Scan the data, and whenever a line contains "delta", copy it.

Stored data entries:
------------------------------------------------

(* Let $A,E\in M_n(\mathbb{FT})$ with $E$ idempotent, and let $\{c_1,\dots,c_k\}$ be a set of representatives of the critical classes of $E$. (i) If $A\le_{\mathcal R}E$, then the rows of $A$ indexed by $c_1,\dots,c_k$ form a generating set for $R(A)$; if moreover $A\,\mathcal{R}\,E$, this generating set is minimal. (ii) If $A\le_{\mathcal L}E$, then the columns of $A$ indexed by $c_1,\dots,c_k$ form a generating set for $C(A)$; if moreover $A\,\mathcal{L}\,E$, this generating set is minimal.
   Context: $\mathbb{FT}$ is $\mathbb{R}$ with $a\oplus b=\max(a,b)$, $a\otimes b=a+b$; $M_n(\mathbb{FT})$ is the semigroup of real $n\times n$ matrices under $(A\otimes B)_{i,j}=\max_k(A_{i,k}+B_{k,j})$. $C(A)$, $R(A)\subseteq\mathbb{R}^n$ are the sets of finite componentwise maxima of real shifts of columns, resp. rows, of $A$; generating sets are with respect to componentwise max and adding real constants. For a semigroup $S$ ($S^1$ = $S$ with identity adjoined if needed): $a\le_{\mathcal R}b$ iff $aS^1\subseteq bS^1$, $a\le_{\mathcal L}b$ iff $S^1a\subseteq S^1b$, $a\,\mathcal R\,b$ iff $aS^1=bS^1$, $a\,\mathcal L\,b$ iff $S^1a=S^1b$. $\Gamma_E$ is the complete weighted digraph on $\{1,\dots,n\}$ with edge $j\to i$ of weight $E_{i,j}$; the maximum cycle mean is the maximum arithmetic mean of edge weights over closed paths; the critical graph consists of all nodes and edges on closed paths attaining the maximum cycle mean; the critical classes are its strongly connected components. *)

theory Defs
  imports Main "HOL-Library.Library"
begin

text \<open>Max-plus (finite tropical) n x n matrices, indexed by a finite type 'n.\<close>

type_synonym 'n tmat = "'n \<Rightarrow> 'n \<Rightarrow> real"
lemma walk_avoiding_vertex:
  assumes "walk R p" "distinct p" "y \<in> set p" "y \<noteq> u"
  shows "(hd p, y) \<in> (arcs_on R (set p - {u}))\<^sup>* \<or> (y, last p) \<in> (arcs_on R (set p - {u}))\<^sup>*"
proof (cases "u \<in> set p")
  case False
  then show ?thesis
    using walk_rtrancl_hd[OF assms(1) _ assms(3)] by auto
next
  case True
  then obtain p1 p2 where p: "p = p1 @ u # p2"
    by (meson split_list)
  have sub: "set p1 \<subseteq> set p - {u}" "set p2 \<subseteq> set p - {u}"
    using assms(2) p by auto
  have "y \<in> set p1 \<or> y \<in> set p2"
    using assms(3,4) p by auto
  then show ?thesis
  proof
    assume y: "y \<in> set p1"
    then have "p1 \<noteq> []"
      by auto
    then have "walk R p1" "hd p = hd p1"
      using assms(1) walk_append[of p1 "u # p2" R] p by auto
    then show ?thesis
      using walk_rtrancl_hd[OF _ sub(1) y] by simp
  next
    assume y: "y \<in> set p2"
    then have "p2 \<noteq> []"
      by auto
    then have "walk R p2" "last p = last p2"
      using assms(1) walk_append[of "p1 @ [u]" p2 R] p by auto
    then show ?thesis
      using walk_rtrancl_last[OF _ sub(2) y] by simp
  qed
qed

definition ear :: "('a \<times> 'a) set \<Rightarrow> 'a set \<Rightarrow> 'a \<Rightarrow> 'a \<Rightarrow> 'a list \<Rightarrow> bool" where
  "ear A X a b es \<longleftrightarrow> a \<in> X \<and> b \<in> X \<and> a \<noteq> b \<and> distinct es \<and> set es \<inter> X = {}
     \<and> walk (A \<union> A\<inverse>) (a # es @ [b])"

------------------------------------------------

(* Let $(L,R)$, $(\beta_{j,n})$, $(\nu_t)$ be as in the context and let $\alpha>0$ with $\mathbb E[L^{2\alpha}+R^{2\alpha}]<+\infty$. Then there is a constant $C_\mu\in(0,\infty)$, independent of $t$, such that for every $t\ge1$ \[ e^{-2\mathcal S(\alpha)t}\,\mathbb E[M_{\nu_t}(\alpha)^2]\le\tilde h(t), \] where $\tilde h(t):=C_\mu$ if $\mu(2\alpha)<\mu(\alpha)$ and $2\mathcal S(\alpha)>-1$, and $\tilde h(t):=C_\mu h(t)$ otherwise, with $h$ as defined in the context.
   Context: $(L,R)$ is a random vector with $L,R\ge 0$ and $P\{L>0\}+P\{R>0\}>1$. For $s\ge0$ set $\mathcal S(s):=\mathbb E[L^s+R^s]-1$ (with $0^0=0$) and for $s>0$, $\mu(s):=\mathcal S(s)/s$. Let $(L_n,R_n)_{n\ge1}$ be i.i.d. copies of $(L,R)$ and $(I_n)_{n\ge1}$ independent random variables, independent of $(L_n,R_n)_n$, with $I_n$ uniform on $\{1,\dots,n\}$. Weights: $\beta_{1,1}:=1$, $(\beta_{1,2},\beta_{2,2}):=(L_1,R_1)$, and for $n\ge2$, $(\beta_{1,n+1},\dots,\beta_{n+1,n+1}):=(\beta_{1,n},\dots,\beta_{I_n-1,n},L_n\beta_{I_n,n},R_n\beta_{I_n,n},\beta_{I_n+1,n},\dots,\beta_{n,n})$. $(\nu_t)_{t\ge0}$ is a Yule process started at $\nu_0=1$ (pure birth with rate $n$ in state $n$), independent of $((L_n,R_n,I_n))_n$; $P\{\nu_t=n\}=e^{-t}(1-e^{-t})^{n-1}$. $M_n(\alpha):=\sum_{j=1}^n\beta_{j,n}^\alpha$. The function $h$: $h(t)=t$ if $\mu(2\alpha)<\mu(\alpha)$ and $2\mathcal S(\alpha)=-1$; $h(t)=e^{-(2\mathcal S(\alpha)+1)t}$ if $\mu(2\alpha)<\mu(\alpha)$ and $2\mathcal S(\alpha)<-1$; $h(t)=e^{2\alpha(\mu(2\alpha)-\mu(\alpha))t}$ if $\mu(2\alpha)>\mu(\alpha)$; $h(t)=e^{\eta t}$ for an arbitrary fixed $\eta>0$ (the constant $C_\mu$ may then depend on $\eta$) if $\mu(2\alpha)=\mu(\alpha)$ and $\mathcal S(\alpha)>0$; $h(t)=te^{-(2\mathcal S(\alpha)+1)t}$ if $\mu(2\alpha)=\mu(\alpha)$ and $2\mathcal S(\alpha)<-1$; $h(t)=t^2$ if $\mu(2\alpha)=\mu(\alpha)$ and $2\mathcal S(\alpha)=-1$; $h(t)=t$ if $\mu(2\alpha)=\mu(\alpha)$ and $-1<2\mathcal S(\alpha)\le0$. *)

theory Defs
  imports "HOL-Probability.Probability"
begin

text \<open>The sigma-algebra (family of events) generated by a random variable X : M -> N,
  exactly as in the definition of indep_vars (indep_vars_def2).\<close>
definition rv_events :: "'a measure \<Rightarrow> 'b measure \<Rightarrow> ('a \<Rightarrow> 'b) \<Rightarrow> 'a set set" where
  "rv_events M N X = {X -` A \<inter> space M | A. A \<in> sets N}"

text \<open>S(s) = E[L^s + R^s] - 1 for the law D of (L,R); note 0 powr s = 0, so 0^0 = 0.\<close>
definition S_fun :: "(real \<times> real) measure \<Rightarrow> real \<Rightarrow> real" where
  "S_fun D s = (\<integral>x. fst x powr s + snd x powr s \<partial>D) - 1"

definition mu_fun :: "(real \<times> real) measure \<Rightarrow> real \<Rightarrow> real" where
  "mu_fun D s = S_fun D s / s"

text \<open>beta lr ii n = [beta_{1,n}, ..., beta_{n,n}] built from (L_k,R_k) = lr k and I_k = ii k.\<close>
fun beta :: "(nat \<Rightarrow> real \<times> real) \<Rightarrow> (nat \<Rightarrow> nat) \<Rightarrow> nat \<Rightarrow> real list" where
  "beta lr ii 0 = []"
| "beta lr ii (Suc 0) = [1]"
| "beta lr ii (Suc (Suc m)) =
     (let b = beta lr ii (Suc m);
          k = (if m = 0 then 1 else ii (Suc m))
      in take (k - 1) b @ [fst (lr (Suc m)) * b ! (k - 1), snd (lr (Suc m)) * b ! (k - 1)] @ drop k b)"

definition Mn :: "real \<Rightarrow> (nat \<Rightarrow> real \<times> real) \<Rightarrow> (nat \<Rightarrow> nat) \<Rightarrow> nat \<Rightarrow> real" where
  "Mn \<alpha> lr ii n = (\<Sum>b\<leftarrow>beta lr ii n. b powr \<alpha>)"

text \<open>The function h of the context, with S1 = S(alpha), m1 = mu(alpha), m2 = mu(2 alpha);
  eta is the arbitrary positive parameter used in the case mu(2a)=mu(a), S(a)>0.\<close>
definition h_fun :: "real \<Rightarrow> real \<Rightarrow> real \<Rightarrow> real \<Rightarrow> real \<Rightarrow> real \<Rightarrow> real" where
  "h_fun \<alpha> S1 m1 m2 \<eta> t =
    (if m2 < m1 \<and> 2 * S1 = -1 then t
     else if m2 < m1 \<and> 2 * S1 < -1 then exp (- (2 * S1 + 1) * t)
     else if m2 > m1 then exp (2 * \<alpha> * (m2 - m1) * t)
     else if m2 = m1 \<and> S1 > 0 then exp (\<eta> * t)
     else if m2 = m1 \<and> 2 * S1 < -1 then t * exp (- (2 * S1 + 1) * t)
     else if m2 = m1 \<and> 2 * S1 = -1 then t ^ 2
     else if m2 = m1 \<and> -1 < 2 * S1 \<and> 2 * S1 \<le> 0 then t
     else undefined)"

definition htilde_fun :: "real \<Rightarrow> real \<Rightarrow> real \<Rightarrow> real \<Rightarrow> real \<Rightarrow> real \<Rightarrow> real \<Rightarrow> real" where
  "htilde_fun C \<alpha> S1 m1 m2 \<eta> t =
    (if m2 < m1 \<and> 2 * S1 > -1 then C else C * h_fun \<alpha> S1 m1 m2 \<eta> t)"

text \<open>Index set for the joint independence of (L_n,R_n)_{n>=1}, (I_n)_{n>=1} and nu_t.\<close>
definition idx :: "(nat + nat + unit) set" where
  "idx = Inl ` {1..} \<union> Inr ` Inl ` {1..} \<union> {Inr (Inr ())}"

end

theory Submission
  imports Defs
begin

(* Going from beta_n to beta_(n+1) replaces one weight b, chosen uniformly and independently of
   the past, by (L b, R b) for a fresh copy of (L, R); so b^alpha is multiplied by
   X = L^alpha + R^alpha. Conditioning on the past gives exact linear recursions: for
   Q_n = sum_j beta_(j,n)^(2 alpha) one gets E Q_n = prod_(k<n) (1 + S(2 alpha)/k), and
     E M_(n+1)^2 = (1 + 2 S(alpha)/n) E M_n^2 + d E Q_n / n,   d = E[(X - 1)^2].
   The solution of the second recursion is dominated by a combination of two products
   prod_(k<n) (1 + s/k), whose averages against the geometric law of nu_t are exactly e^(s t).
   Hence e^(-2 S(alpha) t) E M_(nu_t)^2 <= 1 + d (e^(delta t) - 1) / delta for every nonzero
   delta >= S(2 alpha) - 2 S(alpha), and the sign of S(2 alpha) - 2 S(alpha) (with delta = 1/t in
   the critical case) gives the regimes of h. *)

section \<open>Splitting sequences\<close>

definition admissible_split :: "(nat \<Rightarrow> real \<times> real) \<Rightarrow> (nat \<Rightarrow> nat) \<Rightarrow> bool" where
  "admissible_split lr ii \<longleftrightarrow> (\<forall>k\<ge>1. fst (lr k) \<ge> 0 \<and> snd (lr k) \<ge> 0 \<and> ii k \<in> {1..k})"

------------------------------------------------

### TASK RESULT:
   Hence e^(-2 S(alpha) t) E M_(nu_t)^2 <= 1 + d (e^(delta t) - 1) / delta for every nonzero
   delta >= S(2 alpha) - 2 S(alpha), and the sign of S(2 alpha) - 2 S(alpha) (with delta = 1/t in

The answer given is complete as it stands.